In the alternative universe where we’re not all locked in our homes due to a global pandemic, we’d be at Full Frame right about now. Filmmakers, producers, and cinephiles from across the world would fill streets and restaurants booths; there would be lanyards and lit-up screens and cinematic thrill in the air. 

None of these things can happen because of COVID-19, and that’s everyone’s loss. But Full Frame has released its 2020 program and you can still celebrate the filmmakers, dive into their archives, and explore their releases

Nearly 2,000 films were submitted to this years documentary program. Out of these, the jury selected 44 features and 12 shorts; the program also included 4 world premieres, 6 North American premieres, and 2 U.S. premieres.

Amid this program you can find films that tell the stories of low-wage workers, abortion helpline counselors, mothers returning from prison, corruption across the medical industry, high school students preparing for a monologue competition, immigrant families making a life in New York City, and a fifty-mile race in Mexico’s Copper Canyon.

There were documentary portraits of the sculptor Audrey Flack, the neurologist Oliver Sacks, and the Puerto Rican astrologer Walter Mercado. 

We could go on and on, but you get the idea. 

Thirty-two titles are eligible for awards and the juried panel will announce the cash prize winners toward the end of April. 

Never Too Late: The Doc Severinsen Story, a documentary about the legendary bandleader and trumpeter, was slated to open the festival. Doc Severinsen was scheduled to be in attendance. Spaceship Earth, a look at the 1991 Biosphere 2 experiment in Arizona, would have brought up the rear on closing night. 

“We are honored to present the 2020 official Full Frame selections. By turns exciting and bold, luminous and poignant, these carefully crafted titles display a staggering range of creativity and dedication in examining the world around us,” Full Frame artistic director Sadie Tillery said in a press release. “While we are deeply disappointed that we will not have the opportunity to showcase this work in Durham and welcome these filmmakers for the four-day festival, in light of the circumstances, it felt especially vital to champion these films.”

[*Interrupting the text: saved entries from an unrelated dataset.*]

definition kop :: "'a measure \<Rightarrow> ('a \<Rightarrow> 'a \<Rightarrow> complex) \<Rightarrow> ('a \<Rightarrow> complex) \<Rightarrow> 'a \<Rightarrow> complex" where
  "kop M K f = (\<lambda>x. LINT y|M. K x y * f y)"

definition projection_kernel :: "'a measure \<Rightarrow> ('a \<Rightarrow> 'a \<Rightarrow> complex) \<Rightarrow> bool" where
  "projection_kernel M K \<longleftrightarrow>
     (\<lambda>(x,y). K x y) \<in> borel_measurable (M \<Otimes>\<^sub>M M) \<and>
     (\<forall>x. L2fun M (K x)) \<and>
     (\<forall>f. L2fun M f \<longrightarrow> L2fun M (kop M K f) \<and>
          (AE x in M. kop M K (kop M K f) x = kop M K f x)) \<and>
     (\<forall>f h. L2fun M f \<longrightarrow> L2fun M h \<longrightarrow>
          (LINT x|M. cnj (kop M K f x) * h x) = (LINT x|M. cnj (f x) * kop M K h x))"

text \<open>tr(chi_B Pi chi_B) = ||Pi chi_B||_HS^2 (as Pi is a self-adjoint idempotent).\<close>
definition tr_loc :: "'a measure \<Rightarrow> ('a \<Rightarrow> 'a \<Rightarrow> complex) \<Rightarrow> 'a set \<Rightarrow> ennreal" where
  "tr_loc M K B = (\<integral>\<^sup>+ y. indicator B y * (\<integral>\<^sup>+ x. ennreal ((cmod (K x y))\<^sup>2) \<partial>M) \<partial>M)"

text \<open>tr(chi_A Pi |g-1|^2 chi_{A^c} Pi chi_A) = || |g-1| chi_{A^c} Pi chi_A ||_HS^2.\<close>
definition tail_trace :: "'a measure \<Rightarrow> ('a \<Rightarrow> 'a \<Rightarrow> complex) \<Rightarrow> ('a \<Rightarrow> real) \<Rightarrow> 'a set \<Rightarrow> ennreal" where
  "tail_trace M K g A = (\<integral>\<^sup>+ y. indicator A y *
      (\<integral>\<^sup>+ x. indicator (- A) x * ennreal ((g x - 1)\<^sup>2 * (cmod (K x y))\<^sup>2) \<partial>M) \<partial>M)"

definition Lfun :: "'a measure \<Rightarrow> ('a \<Rightarrow> 'a \<Rightarrow> complex) \<Rightarrow> ('a \<Rightarrow> real) \<Rightarrow> ennreal" where
  "Lfun M K f = (\<integral>\<^sup>+ x. ennreal (\<bar>f x - 1\<bar> ^ 3 * Re (K x x)) \<partial>M)"

definition Vfun :: "'a measure \<Rightarrow> ('a \<Rightarrow> 'a \<Rightarrow> complex) \<Rightarrow> ('a \<Rightarrow> real) \<Rightarrow> ennreal" where
  "Vfun M K f = (\<integral>\<^sup>+ z. ennreal ((f (fst z) - f (snd z))\<^sup>2 * (cmod (K (fst z) (snd z)))\<^sup>2) \<partial>(M \<Otimes>\<^sub>M M))"

definition exhausting :: "(nat \<Rightarrow> 'a::metric_space set) \<Rightarrow> bool" where
  "exhausting En \<longleftrightarrow> incseq En \<and> (\<Union>n. En n) = UNIV \<and>
     (\<forall>n. bounded (En n) \<and> En n \<in> sets borel)"

definition A3 :: "'a::metric_space measure \<Rightarrow> ('a \<Rightarrow> 'a \<Rightarrow> complex) \<Rightarrow> ('a \<Rightarrow> real) set" where
  "A3 M K = {g. g \<in> borel_measurable borel \<and> (\<forall>x. g x > 0) \<and>
      0 < (INF x. g x) \<and> bdd_below (range g) \<and> bdd_above (range g) \<and>
      Lfun M K g < \<infinity> \<and> Vfun M K g < \<infinity> \<and>
      (\<exists>En. exhausting En \<and> (\<lambda>n. tail_trace M K g (En n)) \<longlonglongrightarrow> 0)}"

end

theory Submission
  imports Defs
begin

(* Since g \<ge> m > 0, the ratio g_n/g equals 1 on E_n and 1/g off E_n, while
   |1/g - 1| \<le> |g - 1|/m and |1/g(x) - 1/g(y)| \<le> |g(x) - g(y)|/m^2.
   So L(g_n/g) is at most L(g)/m^3 restricted to the complement of E_n, which vanishes in the
   limit by monotone convergence. For V(g_n/g), split E \<times> E according to membership in E_n:
   the part on E_n^c \<times> E_n^c is handled like L, with V(g)/m^4 as the integrable majorant, and
   each of the two mixed parts is at most the tail trace over m^2. One of these needs the symmetry
   |\<Pi>(x,y)| = |\<Pi>(y,x)|, which comes from the self-adjointness of \<Pi> tested against indicators
   of bounded sets of finite measure; local trace class makes the kernel integrable on such
   rectangles, and a Dynkin argument extends the vanishing to all measurable sets. *)

lemma nn_integral_decseq_tendsto_0:
  fixes u :: "nat \<Rightarrow> 'a \<Rightarrow> ennreal"
  assumes dec: "\<And>n x. u (Suc n) x \<le> u n x" and [measurable]: "\<And>n. u n \<in> borel_measurable M"
    and fin: "(\<integral>\<^sup>+ x. u 0 x \<partial>M) < \<infinity>" and vanish: "\<And>x. \<exists>n. u n x = 0"
  shows "(\<lambda>n. \<integral>\<^sup>+ x. u n x \<partial>M) \<longlonglongrightarrow> 0"
proof -
  have "decseq (\<lambda>n. \<integral>\<^sup>+ x. u n x \<partial>M)"
    by (intro decseq_SucI nn_integral_mono dec)
  moreover have "(INF n. u n x) = 0" for x
    by (metis vanish INF_lower UNIV_I le_zero_eq)
  then have "(INF n. \<integral>\<^sup>+ x. u n x \<partial>M) = 0"
    using nn_integral_monotone_convergence_INF_decseq[of u M] dec fin
    by (simp add: decseq_SucI le_funI)
  ultimately show ?thesis
    using LIMSEQ_INF by fastforce
qed

lemma set_integral_eq_0_if_rectangles:
  fixes f :: "'a \<times> 'b \<Rightarrow> 'c::{banach, second_countable_topology}"
  assumes f: "integrable (M1 \<Otimes>\<^sub>M M2) f"
    and rect: "\<And>a b. a \<in> sets M1 \<Longrightarrow> b \<in> sets M2 \<Longrightarrow> (LINT z:a \<times> b|M1 \<Otimes>\<^sub>M M2. f z) = 0"
    and C: "C \<in> sets (M1 \<Otimes>\<^sub>M M2)"
  shows "(LINT z:C|M1 \<Otimes>\<^sub>M M2. f z) = 0"
proof -
  let ?G = "{a \<times> b | a b. a \<in> sets M1 \<and> b \<in> sets M2}"
  have set_int: "set_integrable (M1 \<Otimes>\<^sub>M M2) X f" if "X \<in> sets (M1 \<Otimes>\<^sub>M M2)" for X
    unfolding set_integrable_def using integrable_mult_indicator[OF that f] .
  have "C \<in> sigma_sets (space M1 \<times> space M2) ?G"
    using C sets_pair_measure by metis
  with Int_stable_pair_measure_generator pair_measure_closed show ?thesis
  proof (induct rule: sigma_sets_induct_disjoint)
    case (basic X)
    then show ?case using rect by blast
  next
    case empty
    then show ?case by (simp add: set_lebesgue_integral_def)
  next
    case (compl X)
    have X: "X \<in> sets (M1 \<Otimes>\<^sub>M M2)" using compl(1) sets_pair_measure by metis
    have "(LINT z:space M1 \<times> space M2|M1 \<Otimes>\<^sub>M M2. f z) =
        (LINT z:space M1 \<times> space M2 - X|M1 \<Otimes>\<^sub>M M2. f z) + (LINT z:X|M1 \<Otimes>\<^sub>M M2. f z)"
      using X sets.sets_into_space[OF X]
      by (subst set_integral_Un[symmetric]) (auto simp: set_int space_pair_measure Un_absorb2)
    then show ?case using compl(2) rect[OF sets.top sets.top] by simp
  next
    case (union X)
    have X: "X i \<in> sets (M1 \<Otimes>\<^sub>M M2)" for i using union(2) sets_pair_measure by (metis range_subsetD)
    have "(LINT z:(\<Union>i. X i)|M1 \<Otimes>\<^sub>M M2. f z) = (\<Sum>i. LINT z:X i|M1 \<Otimes>\<^sub>M M2. f z)"
      using union(1) X by (intro lebesgue_integral_countable_add set_int) (auto simp: disjoint_family_on_def)
    then show ?case using union(3) by simp
  qed
qed

lemma AE_eq_0_if_rectangle_integrals_eq_0:
  fixes f :: "'a \<times> 'b \<Rightarrow> 'c::{banach, second_countable_topology}"
  assumes "pair_sigma_finite M1 M2" and f: "integrable (M1 \<Otimes>\<^sub>M M2) f"
    and "\<And>a b. a \<in> sets M1 \<Longrightarrow> b \<in> sets M2 \<Longrightarrow> (LINT z:a \<times> b|M1 \<Otimes>\<^sub>M M2. f z) = 0"
  shows "AE z in M1 \<Otimes>\<^sub>M M2. f z = 0"
proof -
  interpret pair_sigma_finite M1 M2 by fact
  interpret P: sigma_finite_measure "M1 \<Otimes>\<^sub>M M2" ..
  show ?thesis
    using set_integral_eq_0_if_rectangles[OF f] assms(3) by (intro P.density_zero[OF f]) blast
qed

lemma abs_inverse_minus_one_le:
  fixes m t :: real
  assumes "0 < m" "m \<le> t"
  shows "\<bar>1 / t - 1\<bar> \<le> \<bar>t - 1\<bar> / m"
proof -
  have "\<bar>1 / t - 1\<bar> = \<bar>t - 1\<bar> / t" using assms by (simp add: field_simps abs_minus_commute)
  also have "\<dots> \<le> \<bar>t - 1\<bar> / m" using assms by (intro divide_left_mono) auto
  finally show ?thesis .
qed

The filmmakers Jessica Edwards and Gary Hustwit were curators of this year’s thematic program. Hustwit has since made his film Urbanized available for streaming. You can also find a list of previous Garrett Scott Documentary Development Grant recipient films that are available for screening. (INDY favorite Minding the Gap is on that list.) 

And don’t worry, next year’s Full Frame has already been scheduled for April 2021.